Topping the list of criticisms is a lack of parks with modern playground areas, difficulty in getting around the city, especially if using any type of public transportation and a shortage of affordable entertainment or educational facilities offering age-appropriate activities to fill the hours of the long summer days. To be honest, I do feel that there is some merit in these assessments, but, in many ways, it can be a fun city for children of all ages and one that will not put a huge dent in a parent’s bank account.
The number of clean, well-kept parks varies wildly by neighborhood. In some quarters of the city, green areas are few and far between. However, in other districts, such as ours on the Asian side of the city, there are several lovely parks with playgrounds and exercise areas within a short walk from our home. When my son and I go to the park, if one is too crowded, or his friends are not out playing, we can easily walk to another neighborhood park in just a few minutes. On the other side of the coin, I have friends who do not live within walking distance of a park and they have to drive their car or take public transportation to reach the one nearest one to where they live. Like many things in İstanbul, neighborhoods and local amenities vary widely.
Public transportation can be a challenge for some parents who are traveling with small children. I have used public transportation ever since I moved to Turkey, over 14 years ago. Since we do not own a car, due in part to the cost and the traffic problems in the city, I find that, in general, it is easier, quicker and cheaper to get around the city using various modes of public transportation. From an early age, my son has traveled the city with me, learning to quickly navigate the ferry, tram, metro, bus, minibus and dolmuş systems. It can be a little daunting at first, particularly for newcomers who are unfamiliar with the routes and who have limited language skills. However, once the different transportation options are understood, commuting across town can be a breeze.
When my son was very young and rode everywhere in his stroller, our first few attempts at boarding a bus or ferry with a small child, a stroller and a bag carrying all the necessary gear for the trip were a challenge. I soon discovered, however, that people were always willing to help me get the stroller on board and make sure I was given a seat. Once I got over my initial apprehensions about trying to juggle infant and stroller, I relaxed and learned to ask for help when I needed assistance. As he has gotten older, traveling is much easier on us both and he is in charge of carrying anything that he wants to bring along with us.
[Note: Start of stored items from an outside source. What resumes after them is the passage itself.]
(* Let $0<p<1/2$ and let $m$ be a bounded generating sequence. There is a constant $c<\infty$ (depending only on $p$ and $m$) such that for every $N\in\mathbb{N}$ and every bounded measurable function $a$ on $G_m$ with $\operatorname{supp}a\subset I_N$, $\int_{I_N}a\,d\mu=0$ and $\|a\|_\infty\le M_N^{1/p}$ (i.e. a $p$-atom supported on $I_N$), one has $$\int_{G_m\setminus I_N}\Big(\sup_{n\in\mathbb{N}_+}\frac{|\sigma_na|}{(n+1)^{1/p-2}}\Big)^p d\mu\le c.$$
   Context: Let $m=(m_0,m_1,\dots)$ be a sequence of integers $m_k\ge 2$ with $\sup_k m_k<\infty$. $G_m=\prod_k Z_{m_k}$ (where $Z_{m_k}=\{0,\dots,m_k-1\}$ is the group of integers mod $m_k$), elements $x=(x_0,x_1,\dots)$, normalized Haar measure $\mu$ (product of uniform measures $\mu_k(\{j\})=1/m_k$). $M_0=1$, $M_{k+1}=m_kM_k$; every $n\in\mathbb{N}$ is uniquely $n=\sum_jn_jM_j$, $n_j\in Z_{m_j}$. $I_N=\{y\in G_m: y_0=\dots=y_{N-1}=0\}$, so $\mu(I_N)=M_N^{-1}$. $r_k(x)=\exp(2\pi ix_k/m_k)$, $\psi_n=\prod_kr_k^{n_k}$. For integrable $f$: $\widehat f(n)=\int_{G_m}f\overline{\psi_n}\,d\mu$, $S_nf=\sum_{k=0}^{n-1}\widehat f(k)\psi_k$ ($S_0f=0$), $\sigma_nf=\frac1n\sum_{k=0}^{n-1}S_kf$ for $n\ge1$. *)

theory Defs
  imports "HOL-Probability.Probability"
begin

definition Gm_measure :: "(nat \<Rightarrow> nat) \<Rightarrow> (nat \<Rightarrow> nat) measure" where
  "Gm_measure m = (\<Pi>\<^sub>M k\<in>UNIV. uniform_count_measure {..<m k})"

definition Mseq :: "(nat \<Rightarrow> nat) \<Rightarrow> nat \<Rightarrow> nat" where
  "Mseq m k = (\<Prod>j<k. m j)"

definition I_set :: "(nat \<Rightarrow> nat) \<Rightarrow> nat \<Rightarrow> (nat \<Rightarrow> nat) set" where
  "I_set m N = {y \<in> space (Gm_measure m). \<forall>j<N. y j = 0}"

text \<open>j-th digit of n in the mixed radix expansion n = sum n_j M_j.\<close>
definition digit :: "(nat \<Rightarrow> nat) \<Rightarrow> nat \<Rightarrow> nat \<Rightarrow> nat" where
  "digit m n j = n div Mseq m j mod m j"

definition rademacher :: "(nat \<Rightarrow> nat) \<Rightarrow> nat \<Rightarrow> (nat \<Rightarrow> nat) \<Rightarrow> complex" where
  "rademacher m k x = cis (2 * pi * real (x k) / real (m k))"

text \<open>psi_n = prod_k r_k^{n_k}; only finitely many digits are nonzero
  (all digits with index j >= n vanish since M_j >= 2^j > n).\<close>
definition psi :: "(nat \<Rightarrow> nat) \<Rightarrow> nat \<Rightarrow> (nat \<Rightarrow> nat) \<Rightarrow> complex" where
  "psi m n x = (\<Prod>j\<in>{j. digit m n j \<noteq> 0}. rademacher m j x ^ digit m n j)"

definition fourier :: "(nat \<Rightarrow> nat) \<Rightarrow> ((nat \<Rightarrow> nat) \<Rightarrow> complex) \<Rightarrow> nat \<Rightarrow> complex" where
  "fourier m f n = (\<integral>x. f x * cnj (psi m n x) \<partial>Gm_measure m)"

definition partial_sum :: "(nat \<Rightarrow> nat) \<Rightarrow> ((nat \<Rightarrow> nat) \<Rightarrow> complex) \<Rightarrow> nat \<Rightarrow> (nat \<Rightarrow> nat) \<Rightarrow> complex" where
  "partial_sum m f n x = (\<Sum>k<n. fourier m f k * psi m k x)"

definition fejer :: "(nat \<Rightarrow> nat) \<Rightarrow> ((nat \<Rightarrow> nat) \<Rightarrow> complex) \<Rightarrow> nat \<Rightarrow> (nat \<Rightarrow> nat) \<Rightarrow> complex" where
  "fejer m f n x = (\<Sum>k<n. partial_sum m f k x) / of_nat n"

definition ennpowr :: "ennreal \<Rightarrow> real \<Rightarrow> ennreal" where
  "ennpowr t p = (if t = \<infinity> then \<infinity> else ennreal (enn2real t powr p))"

end

theory Submission
  imports Defs
begin

(* Each x outside I_N lies in a cylinder E(s,t): s < N is its first nonzero coordinate and
   t <= N the next one (t = N if there is none below N); E(s,t) has measure m_s / M_t.
   The atom's Fourier coefficients are constant on the blocks [q M_N, (q+1) M_N), vanish on
   the first block and are at most M_N^(1/p-1), so S_k a(x) = beta_q D_r(x) for k = q M_N + r.
   The characters are multiplicative along the mixed radix expansion, which makes D_(M_t)(x)
   vanish and bounds |sum_(r<R) D_r(x)| by (B+1) M_(s+1) M_t for R <= M_N (B bounds m).
   Hence sup_n |sigma_n a(x)| / (n+1)^(1/p-2) <= 2 (B+1) M_(s+1) M_t on E(s,t), so E(s,t)
   contributes at most (2(B+1))^p B r^t with r = 2^(2p-1) < 1, and summing over s < t <= N
   is bounded by the convergent series sum_t t r^t. *)

lemma sum_lessThan_add: "(\<Sum>k<(a::nat) + b. f k) = (\<Sum>k<a. f k) + (\<Sum>r<b. f (a + r))"
  by (induction b) (simp_all add: add.assoc)

lemma sum_lessThan_blocks:
  "(\<Sum>k<(Q::nat) * K + R. f k) = (\<Sum>q<Q. \<Sum>r<K. f (q * K + r)) + (\<Sum>r<R. f (Q * K + r))"
proof -
  have "(\<Sum>k<Q * K. f k) = (\<Sum>q<Q. \<Sum>r<K. f (q * K + r))"
  proof (induction Q)
    case (Suc Q)
    have "(\<Sum>k<Suc Q * K. f k) = (\<Sum>k<Q * K + K. f k)" by (simp add: add.commute)
    then show ?case by (simp add: sum_lessThan_add Suc)
  qed simp
  then show ?thesis by (simp add: sum_lessThan_add)
qed

lemma sum_lessThan_div_mod:
  fixes n K :: nat
  shows "(\<Sum>k<n. f k) = (\<Sum>q<n div K. \<Sum>r<K. f (q * K + r)) + (\<Sum>r<n mod K. f (n div K * K + r))"
  using sum_lessThan_blocks[of f "n div K" K "n mod K"] by simp

text \<open>If \<open>f\<close> factors over blocks of length \<open>K\<close> through a function \<open>g\<close> with vanishing sum,
  all complete blocks cancel, so partial sums of a unimodular \<open>f\<close> are bounded by \<open>K\<close>.\<close>

lemma block_cancelling_sum_bound:
  fixes f g :: "nat \<Rightarrow> complex"
  assumes K: "0 < K" and factor: "\<And>w b. b < K \<Longrightarrow> f (w * K + b) = f (w * K) * g b"
    and g_sum: "(\<Sum>b<K. g b) = 0" and f_bound: "\<And>u. norm (f u) \<le> 1"
  shows "norm (\<Sum>u<V. f u) \<le> K"
proof -
  define Q R where "Q = V div K" and "R = V mod K"
  have "(\<Sum>u<V. f u) = (\<Sum>q<Q. f (q * K) * (\<Sum>r<K. g r)) + (\<Sum>r<R. f (Q * K + r))"
    unfolding Q_def R_def sum_lessThan_div_mod[of f V K] by (simp add: factor sum_distrib_left)
  also have "\<dots> = (\<Sum>r<R. f (Q * K + r))" by (simp add: g_sum)
  also have "norm \<dots> \<le> (\<Sum>r<R. norm (f (Q * K + r)))" by (rule norm_sum)
  also have "\<dots> \<le> (\<Sum>r<R. 1)" by (intro sum_mono f_bound)
  also have "\<dots> \<le> K" using K by (simp add: R_def)
  finally show ?thesis .
qed

text \<open>The series \<open>\<Sum> n r^n\<close> converges for \<open>0 \<le> r < 1\<close>: it is dominated by the derivative
  of the geometric series.\<close>

lemma summable_times_geometric:
  fixes r :: real assumes "0 \<le> r" "r < 1"
  shows "summable (\<lambda>n. real n * r ^ n)"
proof -
  have "summable (\<lambda>n. diffs (\<lambda>_. 1::real) n * r ^ n)"
    by (rule termdiff_converges[where K = 1]) (use assms in auto)
  then have "summable (\<lambda>n. real (Suc n) * r ^ n)" by (simp add: diffs_def)
  then show ?thesis
    by (rule summable_comparison_test'[where N = 0]) (use assms in \<open>auto intro!: mult_right_mono\<close>)
qed

lemma ennpowr_le:
  assumes "S \<le> ennreal c" "0 \<le> c" "0 < p"
  shows "ennpowr S p \<le> ennreal (c powr p)"
proof -
  have "S \<noteq> \<infinity>" using assms(1) by (auto simp: top_unique)
  moreover have "enn2real S \<le> c" by (rule enn2real_leI[OF assms(2,1)])
  ultimately show ?thesis unfolding ennpowr_def
    using assms by (auto intro!: ennreal_leI powr_mono2)
qed

section \<open>Mixed radix digits and the Vilenkin characters\<close>

locale vilenkin =
  fixes m :: "nat \<Rightarrow> nat"
  assumes m_ge_2: "\<And>k. 2 \<le> m k"
begin

lemma m_pos: "0 < m k"
  using m_ge_2[of k] by linarith

lemma Mseq_0 [simp]: "Mseq m 0 = 1"
  by (simp add: Mseq_def)

lemma Mseq_Suc: "Mseq m (Suc k) = m k * Mseq m k"
  by (simp add: Mseq_def)

lemma Mseq_pos: "0 < Mseq m k"
  unfolding Mseq_def by (rule prod_pos) (simp add: m_pos)

lemma Mseq_dvd: "i \<le> j \<Longrightarrow> Mseq m i dvd Mseq m j"
  by (induction j) (auto simp: Mseq_Suc le_Suc_eq)

lemma Mseq_mono: "i \<le> j \<Longrightarrow> Mseq m i \<le> Mseq m j"
  by (metis Mseq_dvd Mseq_pos dvd_imp_le)

lemma two_pow_le_Mseq: "2 ^ k \<le> Mseq m k"
proof (induction k)
  case (Suc k)
  then show ?case using mult_le_mono[OF m_ge_2[of k] Suc.IH] by (simp add: Mseq_Suc)
qed simp

lemma less_Mseq: "k < Mseq m k"
  using two_pow_le_Mseq[of k] less_exp[of k] by linarith

lemma digit_eq_mod_div: "digit m n i = n mod Mseq m (Suc i) div Mseq m i"
proof -
  have "n mod (Mseq m i * m i) = Mseq m i * (n div Mseq m i mod m i) + n mod Mseq m i"
    by (rule mod_mult2_eq)
  then show ?thesis
    using Mseq_pos[of i] by (simp add: digit_def Mseq_Suc mult.commute)
qed

lemma digit_eq_0: "n < Mseq m i \<Longrightarrow> digit m n i = 0"
  by (simp add: digit_def)

lemma digit_low:
  assumes "i < N" shows "digit m (q * Mseq m N + r) i = digit m r i"
proof -
  have "Mseq m (Suc i) dvd Mseq m N" using assms by (simp add: Mseq_dvd)
  then have "(q * Mseq m N + r) mod Mseq m (Suc i) = r mod Mseq m (Suc i)"
    by (metis mod_mult_self3 dvd_mult2 dvd_imp_mod_0 mod_add_left_eq add.left_neutral mult.commute)
  then show ?thesis by (simp add: digit_eq_mod_div)
qed

lemma digit_high:
  assumes "N \<le> i" "r < Mseq m N"
  shows "digit m (q * Mseq m N + r) i = digit m (q * Mseq m N) i"
proof -
  obtain P where P: "Mseq m i = Mseq m N * P"
    using Mseq_dvd[OF assms(1)] by (auto elim: dvdE)
  have "(q * Mseq m N + r) div Mseq m i = q div P" "(q * Mseq m N) div Mseq m i = q div P"
    unfolding P div_mult2_eq using Mseq_pos[of N] assms(2) by simp_all
  then show ?thesis by (simp add: digit_def)
qed

lemma digit_add:
  assumes "r < Mseq m N"
  shows "digit m (q * Mseq m N + r) i = digit m (q * Mseq m N) i + digit m r i"
proof (cases "i < N")
  case True
  then show ?thesis using digit_low[OF True, of q 0] digit_low[OF True] by (simp add: digit_def)
next
  case False
  then have "digit m r i = 0" using digit_eq_0 assms Mseq_mono[of N i] by simp
  then show ?thesis using digit_high[OF _ assms] False by simp
qed

lemma psi_eq_prod:
  assumes "n < Mseq m K"
  shows "psi m n x = (\<Prod>j<K. rademacher m j x ^ digit m n j)"
proof -
  have "{j. digit m n j \<noteq> 0} \<subseteq> {..<K}"
  proof
    fix j assume "j \<in> {j. digit m n j \<noteq> 0}"
    then show "j \<in> {..<K}"
      using digit_eq_0[of n j] assms Mseq_mono[of K j] by (cases "K \<le> j") auto
  qed
  then show ?thesis unfolding psi_def
    by (intro prod.mono_neutral_left) auto
qed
Most of the historic sites can maintain a child’s attention -- at least for a short period of time. However, as anyone knows who lives here and who has had frequent guests arriving for visits throughout the year, there are only so many times you can visit a palace, mosque or museum without feeling as if it is an unwelcome chore. In addition, in the summer, the crowds and heat can combine to make the historic areas a nightmare for both a child and parent.
When my son was a toddler, he was content to spend time on ferry rides up and down the Bosphorus and across the Marmara Sea to the Princes’ Islands. The ferries captivated him. We watched for dolphins, tried to count the multitudes of jellyfish, talked about why it is bad to throw garbage in the water, marveled at the sunlight reflecting on the water and generally entertained ourselves by enjoying the journey. Now, we still like the ferries and use the time to look at the sights and talk about anything that comes to mind.
Art museums have become our latest treat. My son likes to bring along his sketchpad and pens and spend time in front of paintings that catch his interest and make quick drawings. Since I have no talent to speak of when it comes to art, I am content to watch him work and to investigate exhibits that interest me but that do not attract him as much. Some of the museums in Istanbul have classes for children throughout the year. The downside is that these classes fill up quickly and must be booked well in advance. The upside is that many of the classes are free and those that cost usually have a very reasonable fee. Likewise, there are also many summer camps to choose from, many with a specific focus such as art, mathematics, sports or space. And, as with the museum classes, many of these camps fill up quickly and need to be booked in advance.
Summer in İstanbul does not need to be a boring time for children who are on holiday from school. With a little creativity and some advance planning, there are activities to entertain them and keep them active. Even with the hot weather causing most of us to shun outdoor activities, there are places to go and things to do -- and much of the traveling can be done by public transportation for a pittance.